*** Available data Section Begins ***

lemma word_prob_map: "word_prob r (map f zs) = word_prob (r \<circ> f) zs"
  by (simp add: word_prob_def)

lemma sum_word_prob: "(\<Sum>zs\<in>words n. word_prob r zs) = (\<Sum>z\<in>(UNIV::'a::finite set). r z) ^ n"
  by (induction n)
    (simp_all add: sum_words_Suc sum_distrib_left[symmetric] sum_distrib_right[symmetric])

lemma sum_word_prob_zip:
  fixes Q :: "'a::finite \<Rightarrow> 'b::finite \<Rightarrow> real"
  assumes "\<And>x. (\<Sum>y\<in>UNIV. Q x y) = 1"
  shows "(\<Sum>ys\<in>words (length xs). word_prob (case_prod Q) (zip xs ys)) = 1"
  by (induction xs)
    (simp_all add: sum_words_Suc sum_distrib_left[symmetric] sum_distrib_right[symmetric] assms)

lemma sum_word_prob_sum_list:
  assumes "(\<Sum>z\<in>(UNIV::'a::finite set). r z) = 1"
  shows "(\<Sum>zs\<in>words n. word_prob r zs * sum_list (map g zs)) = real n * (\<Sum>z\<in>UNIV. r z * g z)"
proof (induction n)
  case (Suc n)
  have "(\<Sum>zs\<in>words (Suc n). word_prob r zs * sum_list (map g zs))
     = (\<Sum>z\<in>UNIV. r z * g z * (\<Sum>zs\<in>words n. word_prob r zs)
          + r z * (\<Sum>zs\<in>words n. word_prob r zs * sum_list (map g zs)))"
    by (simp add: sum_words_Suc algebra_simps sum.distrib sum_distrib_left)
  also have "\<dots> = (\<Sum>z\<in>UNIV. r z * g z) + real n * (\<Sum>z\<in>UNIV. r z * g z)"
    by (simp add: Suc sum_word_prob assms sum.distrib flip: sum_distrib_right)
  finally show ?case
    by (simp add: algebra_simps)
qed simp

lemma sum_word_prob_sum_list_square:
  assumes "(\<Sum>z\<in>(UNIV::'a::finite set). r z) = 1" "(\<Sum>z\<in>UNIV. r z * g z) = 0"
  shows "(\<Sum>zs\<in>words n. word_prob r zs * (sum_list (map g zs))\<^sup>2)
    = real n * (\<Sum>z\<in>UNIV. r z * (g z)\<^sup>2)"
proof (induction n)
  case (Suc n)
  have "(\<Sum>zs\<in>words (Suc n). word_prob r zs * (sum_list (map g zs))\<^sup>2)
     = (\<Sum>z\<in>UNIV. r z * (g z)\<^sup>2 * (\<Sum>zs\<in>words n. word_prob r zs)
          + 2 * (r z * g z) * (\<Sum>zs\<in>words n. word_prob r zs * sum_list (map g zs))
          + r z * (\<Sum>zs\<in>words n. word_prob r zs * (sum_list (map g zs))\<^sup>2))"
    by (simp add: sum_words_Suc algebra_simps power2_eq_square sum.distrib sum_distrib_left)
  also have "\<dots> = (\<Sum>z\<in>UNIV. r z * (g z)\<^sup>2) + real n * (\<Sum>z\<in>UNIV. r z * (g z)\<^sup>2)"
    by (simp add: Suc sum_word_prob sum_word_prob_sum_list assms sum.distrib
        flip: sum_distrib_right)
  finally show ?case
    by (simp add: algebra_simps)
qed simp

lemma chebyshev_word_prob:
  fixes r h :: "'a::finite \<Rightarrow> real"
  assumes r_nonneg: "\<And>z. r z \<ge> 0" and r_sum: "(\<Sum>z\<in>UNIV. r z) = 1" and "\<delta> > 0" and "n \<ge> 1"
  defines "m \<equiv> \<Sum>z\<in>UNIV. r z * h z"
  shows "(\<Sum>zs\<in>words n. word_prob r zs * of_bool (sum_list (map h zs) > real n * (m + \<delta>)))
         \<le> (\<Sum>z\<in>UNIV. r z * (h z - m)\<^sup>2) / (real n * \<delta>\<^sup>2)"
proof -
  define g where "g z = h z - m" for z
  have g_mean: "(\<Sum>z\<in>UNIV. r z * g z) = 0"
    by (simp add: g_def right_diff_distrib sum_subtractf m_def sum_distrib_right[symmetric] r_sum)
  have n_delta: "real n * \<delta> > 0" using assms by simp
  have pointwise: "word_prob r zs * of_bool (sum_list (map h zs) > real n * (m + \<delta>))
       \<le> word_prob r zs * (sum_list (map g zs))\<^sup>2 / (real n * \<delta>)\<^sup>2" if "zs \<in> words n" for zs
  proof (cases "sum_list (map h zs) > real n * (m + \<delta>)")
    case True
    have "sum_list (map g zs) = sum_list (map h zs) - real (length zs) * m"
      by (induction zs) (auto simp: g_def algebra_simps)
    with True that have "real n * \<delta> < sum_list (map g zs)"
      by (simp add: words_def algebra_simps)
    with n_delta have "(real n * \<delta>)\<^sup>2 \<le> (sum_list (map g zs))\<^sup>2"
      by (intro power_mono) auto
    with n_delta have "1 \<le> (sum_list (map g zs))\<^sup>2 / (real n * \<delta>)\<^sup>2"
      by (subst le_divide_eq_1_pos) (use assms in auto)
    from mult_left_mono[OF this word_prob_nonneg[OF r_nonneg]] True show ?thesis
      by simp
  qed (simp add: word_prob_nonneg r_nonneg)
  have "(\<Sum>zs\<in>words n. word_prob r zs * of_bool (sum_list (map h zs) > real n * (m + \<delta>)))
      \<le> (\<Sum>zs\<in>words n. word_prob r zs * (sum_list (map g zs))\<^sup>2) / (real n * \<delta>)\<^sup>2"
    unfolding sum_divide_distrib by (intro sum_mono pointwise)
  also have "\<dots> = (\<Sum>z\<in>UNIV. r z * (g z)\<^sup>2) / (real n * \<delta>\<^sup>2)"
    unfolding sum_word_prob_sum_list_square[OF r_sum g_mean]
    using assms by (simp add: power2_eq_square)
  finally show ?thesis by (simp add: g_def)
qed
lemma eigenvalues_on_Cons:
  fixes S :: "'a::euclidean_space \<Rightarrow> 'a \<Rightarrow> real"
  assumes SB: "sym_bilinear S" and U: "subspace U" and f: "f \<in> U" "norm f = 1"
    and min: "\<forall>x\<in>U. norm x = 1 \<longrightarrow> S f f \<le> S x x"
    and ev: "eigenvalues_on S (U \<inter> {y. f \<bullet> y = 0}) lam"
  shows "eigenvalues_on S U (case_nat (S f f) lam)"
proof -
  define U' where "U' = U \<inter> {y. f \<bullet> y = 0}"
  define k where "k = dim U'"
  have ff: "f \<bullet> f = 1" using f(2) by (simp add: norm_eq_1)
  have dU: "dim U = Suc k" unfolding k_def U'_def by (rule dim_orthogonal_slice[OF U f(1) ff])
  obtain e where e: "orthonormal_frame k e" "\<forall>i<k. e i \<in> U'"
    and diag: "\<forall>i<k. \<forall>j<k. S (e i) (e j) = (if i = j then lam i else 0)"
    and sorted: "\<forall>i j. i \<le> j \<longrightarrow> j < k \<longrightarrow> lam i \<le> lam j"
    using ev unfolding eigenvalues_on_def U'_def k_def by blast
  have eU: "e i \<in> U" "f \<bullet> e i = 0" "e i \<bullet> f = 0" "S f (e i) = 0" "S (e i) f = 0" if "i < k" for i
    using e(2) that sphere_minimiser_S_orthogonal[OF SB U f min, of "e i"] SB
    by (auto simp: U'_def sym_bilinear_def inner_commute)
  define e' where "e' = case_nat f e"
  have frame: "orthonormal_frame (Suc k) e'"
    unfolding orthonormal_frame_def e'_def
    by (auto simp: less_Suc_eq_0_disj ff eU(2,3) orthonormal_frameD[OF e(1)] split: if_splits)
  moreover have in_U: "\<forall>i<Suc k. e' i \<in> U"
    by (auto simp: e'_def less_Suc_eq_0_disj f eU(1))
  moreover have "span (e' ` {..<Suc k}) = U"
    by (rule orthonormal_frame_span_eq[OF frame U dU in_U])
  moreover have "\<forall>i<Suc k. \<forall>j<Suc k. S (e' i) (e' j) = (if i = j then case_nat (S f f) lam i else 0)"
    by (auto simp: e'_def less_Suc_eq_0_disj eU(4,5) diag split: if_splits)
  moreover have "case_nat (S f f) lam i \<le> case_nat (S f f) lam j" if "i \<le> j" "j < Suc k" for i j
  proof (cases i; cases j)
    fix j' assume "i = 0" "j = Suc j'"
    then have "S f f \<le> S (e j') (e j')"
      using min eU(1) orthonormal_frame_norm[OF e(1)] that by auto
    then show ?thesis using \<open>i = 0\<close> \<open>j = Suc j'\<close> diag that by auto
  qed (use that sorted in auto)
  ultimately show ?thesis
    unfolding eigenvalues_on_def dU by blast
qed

*** Available data Section Ends ***

**Exercise requirements**. Each line above that has the word "with" should be copied.

**Finished task**.
    with True that have "real n * \<delta> < sum_list (map g zs)"
    with n_delta have "(real n * \<delta>)\<^sup>2 \<le> (sum_list (map g zs))\<^sup>2"
    with n_delta have "1 \<le> (sum_list (map g zs))\<^sup>2 / (real n * \<delta>)\<^sup>2"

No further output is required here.